### [Exercise instructions]
Print the lines in the listing below that fall between the line with "(simp add: zero_less_mult_iff)" and the line with "using chord_relation[OF a", those two lines included, exactly as they stand and with nothing else.

### [Data listing]
lemma joachimsthal_parameter:
  fixes a b K s :: real
  assumes ab: "a > b" "b > 0" and s: "s = K^2 * (a^2 - b^2)" "s^2 = 1 + 2 * (1 - K^2 * (a^2 + b^2))"
  defines "\<delta> \<equiv> sqrt (a^4 - a^2 * b^2 + b^4)"
  shows "(a^2 - b^2) * s = 2 * \<delta> - a^2 - b^2"
proof -
  have "a^4 - a^2 * b^2 + b^4 > 0" using quartic_radicand_pos[of a b] ab by simp
  then have \<delta>: "\<delta>^2 = a^4 - a^2 * b^2 + b^4" "\<delta> \<ge> 0" by (simp_all add: \<delta>_def)
  have "((a^2 - b^2) * s + a^2 + b^2)^2
      = (a^2 - b^2)^2 * s^2 + 2 * (a^2 + b^2) * ((a^2 - b^2) * s) + (a^2 + b^2)^2"
    by algebra
  also have "\<dots> = 3 * (a^2 - b^2)^2 + (a^2 + b^2)^2"
    unfolding s(2) unfolding s(1) by algebra
  also have "\<dots> = (2 * \<delta>)^2" unfolding power_mult_distrib \<delta>(1) by algebra
  finally have sq: "((a^2 - b^2) * s + a^2 + b^2)^2 = (2 * \<delta>)^2" .
  have "a^2 - b^2 \<ge> 0" using ab by (simp add: power_mono)
  then have "(a^2 - b^2) * s + a^2 + b^2 \<ge> 0" by (simp add: s(1))
  then have "(a^2 - b^2) * s + a^2 + b^2 = 2 * \<delta>" using power2_eq_imp_eq[OF sq] \<delta>(2) by simp
  then show ?thesis by simp
qed

lemma three_periodic_symmetric_functions:
  fixes a b :: real
  assumes ab: "a > b" "b > 0" and tp: "three_periodic a b P1 P2 P3"
  defines "z1 \<equiv> ell_coord a b P1" and "z2 \<equiv> ell_coord a b P2" and "z3 \<equiv> ell_coord a b P3"
    and "\<delta> \<equiv> sqrt (a^4 - a^2 * b^2 + b^4)"
  obtains s :: real where "z1 * z2 + z1 * z3 + z2 * z3 = - of_real s"
    and "z1 + z2 + z3 = - of_real s * (z1 * z2 * z3)"
    and "(a^2 - b^2) * s = 2 * \<delta> - a^2 - b^2"
proof -
  have a: "a > 0" using ab by simp
  note tp' = tp[unfolded three_periodic_def]
  obtain K where K: "1 - inner (ellipse_normal a b P1) P2 = K * dist P1 P2"
      "1 - inner (ellipse_normal a b P1) P3 = K * dist P1 P3"
      "1 - inner (ellipse_normal a b P2) P3 = K * dist P2 P3"
    using three_periodic_joachimsthal[OF a ab(2) tp] by blast
  have "K * dist P1 P2 > 0" using K(1) inner_ellipse_normal_lt_one[OF a ab(2), of P1 P2] tp' by simp
  then have "K > 0" using tp' by (simp add: zero_less_mult_iff)
  define s where "s = K^2 * (a^2 - b^2)"
  define r where "r = 1 - K^2 * (a^2 + b^2)"
  have "s > 0" using \<open>K > 0\<close> ab by (simp add: s_def power_strict_mono)
  have C: "chord_quadratic (of_real s) (of_real r) z1 z2 = 0" "chord_quadratic (of_real s) (of_real r) z2 z3 = 0"
      "chord_quadratic (of_real s) (of_real r) z1 z3 = 0"
    using chord_relation[OF a ab(2), of P1 P2 K] chord_relation[OF a ab(2), of P2 P3 K]
      chord_relation[OF a ab(2), of P1 P3 K] K tp'
    by (simp_all add: s_def r_def z1_def z2_def z3_def)
  have "z1 \<noteq> z2" "z2 \<noteq> z3" "z1 \<noteq> z3"
    using ell_coord_inj[of a b] ab tp' by (simp_all add: z1_def z2_def z3_def)
  moreover have "cmod z1 = 1" "cmod z2 = 1" "cmod z3 = 1"
    using cmod_ell_coord tp' by (simp_all add: z1_def z2_def z3_def)
  moreover have "s \<noteq> 0" using \<open>s > 0\<close> by simp
  ultimately have V: "z1 * z2 + z1 * z3 + z2 * z3 = - of_real s"
      "z1 + z2 + z3 = - of_real s * (z1 * z2 * z3)" "s^2 = 1 + 2 * r"
    using unit_chord_quadratic_vieta[OF C] by blast+
  moreover have "(a^2 - b^2) * s = 2 * \<delta> - a^2 - b^2"
    using joachimsthal_parameter[OF ab s_def] V(3) by (simp add: r_def \<delta>_def)
  ultimately show ?thesis using that V(1,2) by blast
qed

section \<open>The product of the two areas\<close>

definition cubic_discr :: "'a::idom \<Rightarrow> 'a \<Rightarrow> 'a \<Rightarrow> 'a" where
  "cubic_discr e1 e2 e3 = e1^2 * e2^2 - 4 * e2^3 - 4 * e1^3 * e3 + 18 * e1 * e2 * e3 - 27 * e3^2"

lemma vandermonde_sq_cubic_discr:
  "((z2 - z1) * (z3 - z1) * (z3 - z2))^2 = cubic_discr (z1 + z2 + z3) (z1 * z2 + z1 * z3 + z2 * z3) (z1 * z2 * z3)"
  unfolding cubic_discr_def by algebra

definition focal_norm_poly :: "'a::idom \<Rightarrow> 'a \<Rightarrow> 'a \<Rightarrow> 'a \<Rightarrow> 'a \<Rightarrow> 'a" where
  "focal_norm_poly m n e1 e2 e3 = n^2 * (e1 * m^2 + e3 * n^2)^2 - m^2 * (m^2 + e2 * n^2)^2"

lemma focal_norm_poly_eq:
  "(n^2 * z1^2 - m^2) * (n^2 * z2^2 - m^2) * (n^2 * z3^2 - m^2)
     = focal_norm_poly m n (z1 + z2 + z3) (z1 * z2 + z1 * z3 + z2 * z3) (z1 * z2 * z3)"
  unfolding focal_norm_poly_def by algebra

lemma focal_denom_prod_both_foci:
  "(focal_denom m n z1 * focal_denom m n z2 * focal_denom m n z3)
     * (focal_denom m (- n) z1 * focal_denom m (- n) z2 * focal_denom m (- n) z3)
   = (focal_norm_poly m n (z1 + z2 + z3) (z1 * z2 + z1 * z3 + z2 * z3) (z1 * z2 * z3)
      * focal_norm_poly n m (z1 + z2 + z3) (z1 * z2 + z1 * z3 + z2 * z3) (z1 * z2 * z3))^2"
proof -
  have pair: "focal_denom m n z * focal_denom m (- n) z = ((n^2 * z^2 - m^2) * (m^2 * z^2 - n^2))^2" for z
    unfolding focal_denom_def by algebra
  have "(focal_denom m n z1 * focal_denom m n z2 * focal_denom m n z3)
       * (focal_denom m (- n) z1 * focal_denom m (- n) z2 * focal_denom m (- n) z3)
     = (focal_denom m n z1 * focal_denom m (- n) z1) * (focal_denom m n z2 * focal_denom m (- n) z2)
       * (focal_denom m n z3 * focal_denom m (- n) z3)"
    by (simp only: mult_ac)
  also have "\<dots> = (((n^2 * z1^2 - m^2) * (n^2 * z2^2 - m^2) * (n^2 * z3^2 - m^2))
                   * ((m^2 * z1^2 - n^2) * (m^2 * z2^2 - n^2) * (m^2 * z3^2 - n^2)))^2"
    unfolding pair by (simp only: mult_ac power_mult_distrib)
  finally show ?thesis unfolding focal_norm_poly_eq .
qed

definition invariant_numerator :: "'a::idom \<Rightarrow> 'a \<Rightarrow> 'a \<Rightarrow> 'a" where
  "invariant_numerator a b \<delta> = 2 * (a^4 + 2 * a^2 * b^2 + 4 * b^4) * \<delta> + 2 * a^6 + 3 * a^4 * b^2 + 8 * b^6"

lemma of_real_invariant_numerator:
  "of_real (invariant_numerator a b \<delta>) = invariant_numerator (of_real a) (of_real b) (of_real \<delta>)"
  by (simp add: invariant_numerator_def)

lemma invariant_numerator_pos:
  "a > 0 \<Longrightarrow> b > 0 \<Longrightarrow> \<delta> > 0 \<Longrightarrow> invariant_numerator a b (\<delta>::real) > 0"
  by (simp add: invariant_numerator_def add_pos_pos)

text \<open>This is \<open>inversive_area_poly_product\<close> multiplied through by c^16, where c = m n,
  after substituting c^2 = k and c^2 s = q.\<close>

lemma inversive_area_product_reduced:
  fixes a b \<delta> E :: "'a::idom"
  assumes "\<delta>^2 = a^4 - a^2 * b^2 + b^4"
  defines "q \<equiv> 2 * \<delta> - a^2 - b^2" and "k \<equiv> a^2 - b^2"
  shows "-16 * a^8 * b^2 * (4 * q^3 * k * (1 + E^4) + (q^4 + 18 * q^2 * k^2 - 27 * k^4) * E^2)
     * (64 * a^2 * b^2 * E^2 * (a^2 + b^2 - 2 * k + q)^2 - 16 * b^2 * k * (k - q)^2 * (1 + E^2)^2) * k^4
    = invariant_numerator a b \<delta> *
     (((a - b) * E^2 * ((a - b) * k - (a + b) * q)^2 - (a + b) * ((a + b) * k - (a - b) * q)^2) *
      ((a + b) * E^2 * ((a + b) * k - (a - b) * q)^2 - (a - b) * ((a - b) * k - (a + b) * q)^2))^2"
  unfolding q_def k_def invariant_numerator_def using assms by algebra

lemma inversive_area_poly_product:
  fixes m n a b \<delta> s E :: "'a::idom"
  assumes m2: "m^2 = a + b" and n2: "n^2 = a - b" and ab: "a^2 \<noteq> b^2"
    and s: "(a^2 - b^2) * s = 2 * \<delta> - a^2 - b^2" and \<delta>2: "\<delta>^2 = a^4 - a^2 * b^2 + b^4"
  shows "-16 * a^8 * b^2 * cubic_discr (- s * E) (- s) E
       * inversive_area_poly m n (- s * E) (- s) E * inversive_area_poly m (- n) (- s * E) (- s) E
     = invariant_numerator a b \<delta> * (focal_norm_poly m n (- s * E) (- s) E * focal_norm_poly n m (- s * E) (- s) E)^2"
proof -
  define c where "c = m * n"
  define q where "q = c^2 * s"
  have c2: "c^2 = a^2 - b^2" unfolding c_def power_mult_distrib m2 n2 by algebra
  have mn: "m^3 * n^3 = c^3" "m^2 * n^2 = c^2" by (simp_all add: c_def power_mult_distrib)
  have PP: "inversive_area_poly m n (- s * E) (- s) E * inversive_area_poly m (- n) (- s * E) (- s) E
      = 64 * a^2 * b^2 * E^2 * (a^2 + b^2 - 2 * c^2 + q)^2 - 16 * b^2 * c^2 * (c^2 - q)^2 * (1 + E^2)^2"
    unfolding inversive_area_poly_def q_def using mn m2 n2 c2 by algebra
  have D: "c^8 * cubic_discr (- s * E) (- s) E
      = 4 * q^3 * c^2 * (1 + E^4) + (q^4 + 18 * q^2 * c^4 - 27 * c^8) * E^2"
    unfolding cubic_discr_def q_def by algebra
  have H: "c^4 * focal_norm_poly m n (- s * E) (- s) E
      = (a - b) * E^2 * ((a - b) * c^2 - (a + b) * q)^2 - (a + b) * ((a + b) * c^2 - (a - b) * q)^2"
    "c^4 * focal_norm_poly n m (- s * E) (- s) E
      = (a + b) * E^2 * ((a + b) * c^2 - (a - b) * q)^2 - (a - b) * ((a - b) * c^2 - (a + b) * q)^2"
    unfolding focal_norm_poly_def q_def using m2 n2 by algebra+
  have q: "q = 2 * \<delta> - a^2 - b^2" using s c2 by (simp add: q_def mult.commute)
  have "c^16 * (-16 * a^8 * b^2 * cubic_discr (- s * E) (- s) E
       * inversive_area_poly m n (- s * E) (- s) E * inversive_area_poly m (- n) (- s * E) (- s) E)
     = -16 * a^8 * b^2 * (c^8 * cubic_discr (- s * E) (- s) E)
       * (inversive_area_poly m n (- s * E) (- s) E * inversive_area_poly m (- n) (- s * E) (- s) E) * (c^2)^4"
    by (simp add: algebra_simps power_mult[symmetric])
  also have "\<dots> = invariant_numerator a b \<delta>
      * ((c^4 * focal_norm_poly m n (- s * E) (- s) E) * (c^4 * focal_norm_poly n m (- s * E) (- s) E))^2"
    unfolding D PP H using inversive_area_product_reduced[OF \<delta>2, of E, folded q c2] by simp
  also have "\<dots> = c^16 * (invariant_numerator a b \<delta>
      * (focal_norm_poly m n (- s * E) (- s) E * focal_norm_poly n m (- s * E) (- s) E)^2)"
    by (simp add: algebra_simps power_mult_distrib power_mult[symmetric])
  finally have "c^16 * (-16 * a^8 * b^2 * cubic_discr (- s * E) (- s) E
       * inversive_area_poly m n (- s * E) (- s) E * inversive_area_poly m (- n) (- s * E) (- s) E)
     = c^16 * (invariant_numerator a b \<delta>
       * (focal_norm_poly m n (- s * E) (- s) E * focal_norm_poly n m (- s * E) (- s) E)^2)" .
  moreover have "c^16 \<noteq> 0" using c2 ab by auto
  ultimately show ?thesis by (metis mult_left_cancel)
qed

### [Your solution]
  then have "K > 0" using tp' by (simp add: zero_less_mult_iff)
  define s where "s = K^2 * (a^2 - b^2)"
  define r where "r = 1 - K^2 * (a^2 + b^2)"
  have "s > 0" using \<open>K > 0\<close> ab by (simp add: s_def power_strict_mono)
  have C: "chord_quadratic (of_real s) (of_real r) z1 z2 = 0" "chord_quadratic (of_real s) (of_real r) z2 z3 = 0"
      "chord_quadratic (of_real s) (of_real r) z1 z3 = 0"
    using chord_relation[OF a ab(2), of P1 P2 K] chord_relation[OF a ab(2), of P2 P3 K]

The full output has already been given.